2010 wurde dann eine zukunftweisende Initiative von Ivar Jacobson und Steve Cook gestartet: The road ahead for UML: Darin fordern sie, die UML zu vereinfachen und einen ebenso einfachen Erweiterungsmechanismus durch multiple, dynamischer Klassifikation hinzuzufügen. Teile dieser Agenda wurden verwirklicht: Steve Cook hat als Chairman der UML Simplification Taskforce die UML 2.5 (2015, eigentlich vollständige Betaversion 2013) fertig gestellt (der Autor dieses Blogposts war Mitglied der dazugehörigen Finishing Taskforce). Mit SMOF (MOF Support for Semantic Structures, 2013) wurde multiple, dynamische Klassifizierung möglich. Dadurch können Erweiterungen einfach gemeinsam mit der Kern der UML verwendet werden. Eine entsprechende Spezifikation, die die Verwendung dieses Mechanismus für Metamodelle definiert ist über das Request for Proposal Stadium noch nicht hinausgekommen: MEF (Metamodel Extension Facility, Request for proposal 2011). Zwar gibt es seit sechs Jahren eine Initial Submission (ad/12-02-01), der geplante Fertigstellungstermin für die endgültige Version jedoch wurde bisher drei mal verschoben und ist trotzdem schon zwei Jahre überfällig.
Danach scheint die ganze Entwicklung zu einem plötzlichen Halt gekommen zu sein: Seit 2013 hat sich an der UML-Spezifikation nichts mehr geändert. Ein Problem für die davon abhängigen Spezifikationen, wie SysML und MARTE. Beim Treffen der OMG in Brüssel 2017 hörte ich sogar Abends an der Bar „Die UML ist tot“. Ein Spruch der auch auf dem ESE-Kongress im Dezember von den Protagonisten der DSL- (domänenspezifische Sprache) oder der ROOM-Szene (Real Time Object Oriented Modeling) geäußert wurde.
Die SysML 2.0 Arbeitsgruppe hat daher versucht sich von UML unabhängig zu machen. Conrad Bock und Mitstreiter haben einen neuen Ansatz vorgestellt: KerML (Kernel Modeling Language). Hier wird nur ein Kernel einer Modellierungssprache definiert.

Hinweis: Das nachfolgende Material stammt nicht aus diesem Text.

(* Let $$\Sigma_1=\begin{pmatrix}-1&-1&1&1\\1&1&1&1\\1&1&1&1\\1&1&1&1\end{pmatrix},\quad \Sigma_2=\begin{pmatrix}-1&-1&1&1\\1&-1&-1&1\\1&1&1&1\\1&1&1&1\end{pmatrix},\quad \Sigma_3=\begin{pmatrix}-1&-1&1&1\\1&-1&1&1\\1&1&-1&1\\1&1&1&1\end{pmatrix}.$$ Then every $4\times4$ matrix with entries $\pm1$ and vanishing permanent is equivalent to exactly one of $\Sigma_1,\Sigma_1^{t},\Sigma_2,\Sigma_2^{t},\Sigma_3$, and these five matrices (which all have vanishing permanent) are pairwise inequivalent. That is, up to equivalence there are exactly five $4\times4$ $(\pm1)$-matrices with vanishing permanent.
   Context: The permanent of $\Sigma=[\sigma_{ij}]$ is $\sum_{\lambda\in\mathrm{Sym}(4)}\sigma_{1,\lambda(1)}\cdots\sigma_{4,\lambda(4)}$; $\Sigma^t$ is the transpose. Two matrices with entries $\pm1$ are equivalent if one is obtained from the other by a finite succession of the operations: interchanging two rows or two columns; negating a row or a column (transposition is not an allowed operation). *)

theory Defs
  imports "HOL-Analysis.Analysis" "HOL-Combinatorics.Permutations"
begin

type_synonym pmmat = "int ^ 4 ^ 4"

definition pm_matrix :: "pmmat \<Rightarrow> bool" where
  "pm_matrix A \<longleftrightarrow> (\<forall>i j. A $ i $ j = 1 \<or> A $ i $ j = -1)"

definition permanent :: "pmmat \<Rightarrow> int" where
  "permanent A = (\<Sum>p | p permutes (UNIV :: 4 set). \<Prod>i\<in>UNIV. A $ i $ p i)"

inductive pm_step :: "pmmat \<Rightarrow> pmmat \<Rightarrow> bool" where
  swap_rows: "pm_step A (\<chi> r c. A $ (Transposition.transpose i j r) $ c)"
| swap_cols: "pm_step A (\<chi> r c. A $ r $ (Transposition.transpose i j c))"
| neg_row: "pm_step A (\<chi> r c. if r = i then - (A $ r $ c) else A $ r $ c)"
| neg_col: "pm_step A (\<chi> r c. if c = j then - (A $ r $ c) else A $ r $ c)"

definition pm_equiv :: "pmmat \<Rightarrow> pmmat \<Rightarrow> bool" where
  "pm_equiv A B \<longleftrightarrow> pm_step\<^sup>*\<^sup>* A B"

text \<open>Row/column index of type 4 as 0..3 (rows numbered 1,2,3,4 = 1,2,3,0 in type 4).\<close>
definition idx4 :: "4 \<Rightarrow> nat" where
  "idx4 i = (if i = 1 then 0 else if i = 2 then 1 else if i = 3 then 2 else 3)"

definition mat_of_rows :: "int list list \<Rightarrow> pmmat" where
  "mat_of_rows xss = (\<chi> i j. xss ! idx4 i ! idx4 j)"

definition Sigma1 :: pmmat where
  "Sigma1 = mat_of_rows [[-1,-1,1,1],[1,1,1,1],[1,1,1,1],[1,1,1,1]]"

definition Sigma2 :: pmmat where
  "Sigma2 = mat_of_rows [[-1,-1,1,1],[1,-1,-1,1],[1,1,1,1],[1,1,1,1]]"

definition Sigma3 :: pmmat where
  "Sigma3 = mat_of_rows [[-1,-1,1,1],[1,-1,1,1],[1,1,-1,1],[1,1,1,1]]"

end

theory Submission
  imports Defs
begin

Alle Erweiterungen werden auf Modellebene in Bibliotheken definiert. Irgendwie kann dadurch kann die Semantik der Erweiterungen im Rahmen des Kernels beschrieben werden. Die Notation muss sich dadurch noch nicht einmal verändern. Das hört sich spannend an. Erstaunt war ich, dass dieser revolutionäre Vorschlag mit wenig Aufsehen auf dem OMG-Treffen im September zur Kenntnis genommen wurde.
Trotz all dieser Revolution wird auch im SysML 2.0 RFP gefordert, dass sich die neue SysML alternativ auch als UML-Profil darstellen lässt.
Ist die UML wirklich tot? Ich glaube nicht. Das Ökosystem der UML ist voller Leben und letzlich ist die SysML auch nichts anderes als eine Unified Modeling Language für Systems Engineering, auch wenn sie sich von ihren Wurzeln lossagen möchte.
Also herzlichen Glückwunsch UML zum zwanzigsten.
Egal in welcher Inkarnation, die vereinheitlichte Modellierungssprache wird uns noch eine Weile begleiten.